Social media has given us wondrous insights into the lives of others, but it also may be having an undue influence on many of our buying habits, according to some recent findings.
A new analysis indicates that the likes of Facebook, Twitter and Instagram have contributed to young people going into debt to attain the things they otherwise wouldn’t buy. The data, released Tuesday by Allianz Life, an insurance company, shows that 57% of millennials confess that they’ve made purchases because of what they’ve seen on social media.
Nearly 60% of young adults say social media is influencing what they buy
This is absolutely wonderful news for marketers, who constantly churn the personal data leaking from our social accounts to learn more about our buying habits, favorite entertainment and other things — but it’s less than ideal for responsible consumers.

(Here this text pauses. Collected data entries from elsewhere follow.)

lemma form_lang_append:
  "form_lang (al @ be) w \<longleftrightarrow> (\<exists>w1 w2. w = w1 @ w2 \<and> form_lang al w1 \<and> form_lang be w2)"
proof (induction al arbitrary: w)
  case (Cons x al)
  show ?case
  proof (cases x)
    case (Inl A)
    show ?thesis
    proof
      assume "form_lang ((x # al) @ be) w"
      then obtain w1 w2 v1 v2 where
        "w = w1 @ w2" "intended_lang A w1" "w2 = v1 @ v2" "form_lang al v1" "form_lang be v2"
        using Cons.IH by (auto simp: Inl)
      then show "\<exists>w1 w2. w = w1 @ w2 \<and> form_lang (x # al) w1 \<and> form_lang be w2"
        by (intro exI[of _ "w1 @ v1"] exI[of _ v2]) (auto simp: Inl)
    next
      assume "\<exists>w1 w2. w = w1 @ w2 \<and> form_lang (x # al) w1 \<and> form_lang be w2"
      then obtain w1 w2 v1 v2 where
        "w = w1 @ w2" "w1 = v1 @ v2" "intended_lang A v1" "form_lang al v2" "form_lang be w2"
        by (auto simp: Inl)
      then show "form_lang ((x # al) @ be) w"
        using Cons.IH[of "v2 @ w2"] by (auto simp: Inl)
    qed
  next
    case (Inr t)
    show ?thesis using Cons.IH by (auto simp: Inr) (metis append_Cons, blast)
  qed
qed simp

lemma form_lang_map_Inr: "form_lang (map Inr w) w' \<longleftrightarrow> w' = w"
  by (induction w arbitrary: w') auto

lemma intended_lang_0:
  "intended_lang 0 w \<longleftrightarrow>
    (\<exists>u v. w = map Gen u @ Hash # map Gen (rev v) \<and> normal_form u = normal_form v)"
  and intended_lang_1: "intended_lang 1 w \<longleftrightarrow> (\<exists>e. w = map Gen e \<and> normal_form e = [])"
  and intended_lang_2:
  "intended_lang 2 w \<longleftrightarrow>
    (\<exists>m j. 1 \<le> j \<and> w = map Gen m \<and> normal_form m = normal_form (relator_core j))"
  and intended_lang_3: "intended_lang 3 w \<longleftrightarrow> (\<exists>e. w = map Gen e \<and> normal_form (rev e) = [])"
  and intended_lang_4:
  "intended_lang 4 w \<longleftrightarrow>
    (\<exists>m j. 1 \<le> j \<and> w = map Gen m \<and> normal_form (rev m) = normal_form (relator_core j))"
  by (simp_all add: intended_lang_def)

lemmas intended_lang_simps =
  intended_lang_0 intended_lang_1 intended_lang_1[unfolded One_nat_def]
  intended_lang_2 intended_lang_3 intended_lang_4

lemma sound_S_Hash: "form_lang [Inr Hash] w \<Longrightarrow> intended_lang 0 w"
  by (auto simp: intended_lang_0 intro!: exI[of _ "[]"])

lemma sound_S_match:
  assumes "form_lang [Inr (Gen x), Inl 0, Inr (Gen x)] w"
  shows "intended_lang 0 w"
proof -
  from assms obtain u v where w: "w = map Gen (x # u) @ Hash # map Gen (rev (x # v))"
    and uv: "normal_form u = normal_form v"
    by (auto simp: intended_lang_0)
  have "normal_form (x # u) = normal_form (x # v)"
    using foldl_reduce_snoc_cong[OF reduced_reduce_snoc[OF reduced_Nil] uv]
    by (simp add: normal_form_Cons)
  with w show ?thesis unfolding intended_lang_0 by blast
qed

lemma sound_S_trivial_left:
  assumes "form_lang [Inl 1, Inl 0] w"
  shows "intended_lang 0 w"
proof -
  from assms obtain e u v where w: "w = map Gen (e @ u) @ Hash # map Gen (rev v)"
    and "normal_form u = normal_form v" "normal_form e = []"
    by (auto simp: intended_lang_simps)
  then have "normal_form (e @ u) = normal_form v"
    by (simp add: normal_form_append normal_form_def[symmetric])
  with w show ?thesis unfolding intended_lang_0 by blast
qed

lemma sound_S_trivial_right:
  assumes "form_lang [Inl 0, Inl 3] w"
  shows "intended_lang 0 w"
proof -
  from assms obtain e u v where w: "w = map Gen u @ Hash # map Gen (rev (rev e @ v))"
    and "normal_form u = normal_form v" "normal_form (rev e) = []"
    by (auto simp: intended_lang_simps)
  then have "normal_form u = normal_form (rev e @ v)"
    by (simp add: normal_form_append normal_form_def[symmetric])
  with w show ?thesis unfolding intended_lang_0 by blast
qed

lemma sound_D_Nil: "form_lang [] w \<Longrightarrow> intended_lang 1 w"
  by (auto simp: intended_lang_simps)

lemma sound_D_append:
  assumes "form_lang [Inl 1, Inl 1] w"
  shows "intended_lang 1 w"
proof -
  from assms obtain e1 e2 where "w = map Gen (e1 @ e2)"
    and "normal_form e1 = []" "normal_form e2 = []"
    by (auto simp: intended_lang_simps)
  moreover from this have "normal_form (e1 @ e2) = []" by (simp add: normal_form_append)
  ultimately show ?thesis unfolding intended_lang_1 by blast
qed

lemma sound_D_relator:
  assumes "form_lang [Inr (Gen a), Inl 2, Inr (Gen c)] w"
  shows "intended_lang 1 w"
proof -
  from assms obtain m j where w: "w = map Gen (a # m @ [c])"
    and j: "1 \<le> j" and m: "normal_form m = normal_form (relator_core j)"
    by (auto simp: intended_lang_simps)
  have "foldl reduce_snoc (reduce_snoc [] a) m
      = foldl reduce_snoc (reduce_snoc [] a) (relator_core j)"
    by (rule foldl_reduce_snoc_cong) (simp_all add: m)
  then have "normal_form (a # m @ [c]) = normal_form (relator j)"
    by (simp add: normal_form_Cons a_relator_core_c[symmetric])
  also have "\<dots> = []"
    using j by (simp add: normal_form_def foldl_reduce_snoc_relator)
  finally show ?thesis using w unfolding intended_lang_1 by blast
qed

lemma sound_K_base:
  assumes "form_lang [Inl 1, Inr (Gen b), Inl 1, Inr (Gen c), Inl 1, Inr (Gen a), Inl 1,
    Inr (Gen b), Inl 1] w"
  shows "intended_lang 2 w"
proof -
  from assms obtain e1 e2 e3 e4 e5 where
    w: "w = map Gen (e1 @ b # e2 @ c # e3 @ a # e4 @ b # e5)" and
    "normal_form e1 = []" "normal_form e2 = []" "normal_form e3 = []" "normal_form e4 = []"
    "normal_form e5 = []"
    by (auto simp: intended_lang_simps)
  then have "normal_form (e1 @ b # e2 @ c # e3 @ a # e4 @ b # e5) = normal_form (relator_core 1)"
    by (simp add: normal_form_Cons normal_form_append relator_core_def)
  with w show ?thesis unfolding intended_lang_2 by (blast intro: le_refl)
qed

lemma sound_K_step:
  assumes "form_lang [Inl 1, Inr (Gen b), Inl 2, Inr (Gen b), Inl 1] w"
  shows "intended_lang 2 w"
proof -
  from assms obtain e1 m e2 j where
    w: "w = map Gen (e1 @ b # m @ b # e2)" and
    e: "normal_form e1 = []" "normal_form e2 = []" "1 \<le> j"
      "normal_form m = normal_form (relator_core j)"
    by (auto simp: intended_lang_simps)
  have "foldl reduce_snoc (reduce_snoc [] b) m
      = foldl reduce_snoc (reduce_snoc [] b) (relator_core j)"
    by (rule foldl_reduce_snoc_cong) (simp_all add: e)
  with e have "normal_form (e1 @ b # m @ b # e2) = normal_form (relator_core (Suc j))"
    by (simp add: normal_form_Cons normal_form_append relator_core_Suc)
  with w e(3) show ?thesis unfolding intended_lang_2 by (blast intro: le_SucI)
qed

lemma sound_R_Nil: "form_lang [] w \<Longrightarrow> intended_lang 3 w"
  by (auto simp: intended_lang_simps)

lemma sound_R_append:
  assumes "form_lang [Inl 3, Inl 3] w"
  shows "intended_lang 3 w"
proof -
  from assms obtain e1 e2 where "w = map Gen (e1 @ e2)"
    and "normal_form (rev e1) = []" "normal_form (rev e2) = []"
    by (auto simp: intended_lang_simps)
  moreover from this have "normal_form (rev (e1 @ e2)) = []" by (simp add: normal_form_append)
  ultimately show ?thesis unfolding intended_lang_3 by blast
qed

lemma sound_R_relator:
  assumes "form_lang [Inr (Gen c), Inl 4, Inr (Gen a)] w"
  shows "intended_lang 3 w"
proof -
  from assms obtain m j where w: "w = map Gen (c # m @ [a])"
    and j: "1 \<le> j" and m: "normal_form (rev m) = normal_form (relator_core j)"
    by (auto simp: intended_lang_simps)
  have "foldl reduce_snoc (reduce_snoc [] a) (rev m)
      = foldl reduce_snoc (reduce_snoc [] a) (relator_core j)"
    by (rule foldl_reduce_snoc_cong) (simp_all add: m)
  then have "normal_form (rev (c # m @ [a])) = normal_form (relator j)"
    by (simp add: normal_form_Cons a_relator_core_c[symmetric])
  also have "\<dots> = []"
    using j by (simp add: normal_form_def foldl_reduce_snoc_relator)
  finally show ?thesis using w unfolding intended_lang_3 by blast
qed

The statistics culled from the study show that rather than necessity being the motivating factor, much of the nation’s young adults are buying based on FOMO (fear of missing out). As a result, 61% of millennials surveyed said that they felt inadequate about their financial situation when comparing it to what they were exposed to on social media.
The problem with all this is that more than a few users lie on social media. A 2016 study from UK digital marketing firm Custard found that more than 75% of people admitted to presenting falsehoods about themselves online.
Millennials have a real opportunity to take advantage of their relatively fresh credit histories and build strong financial reputations — if they’re smart about how they use their money.
3 ways millennials can raise their credit scores
One way to do that is to stick to a budget and use credit cards responsibly. Your credit history will thank you later. Here are three ways you can raise your credit scores with very little effort.
- Pay your credit card bill more than once a month. Can you squeeze in an extra payment on your credit card? It doesn’t have to be much, but it can go a long way toward chopping your balance down in a short period of time. Additionally, you’ll end up saving money because the daily interest accruing on your debt will be greatly reduced.
- Open a new card. A new line of credit is a great way to build a healthy credit history, but you’ll want to be careful. You’ll considerably increase your credit line, but having too many stagnant accounts could ding your credit. Only open a new credit line if you plan to use it.
- Make your payments on time. The #1 way to stay in financial health is to never get behind on your monthly payments. If you have trouble remembering when your credit card bills are due, you might want to look into scheduling them automatically.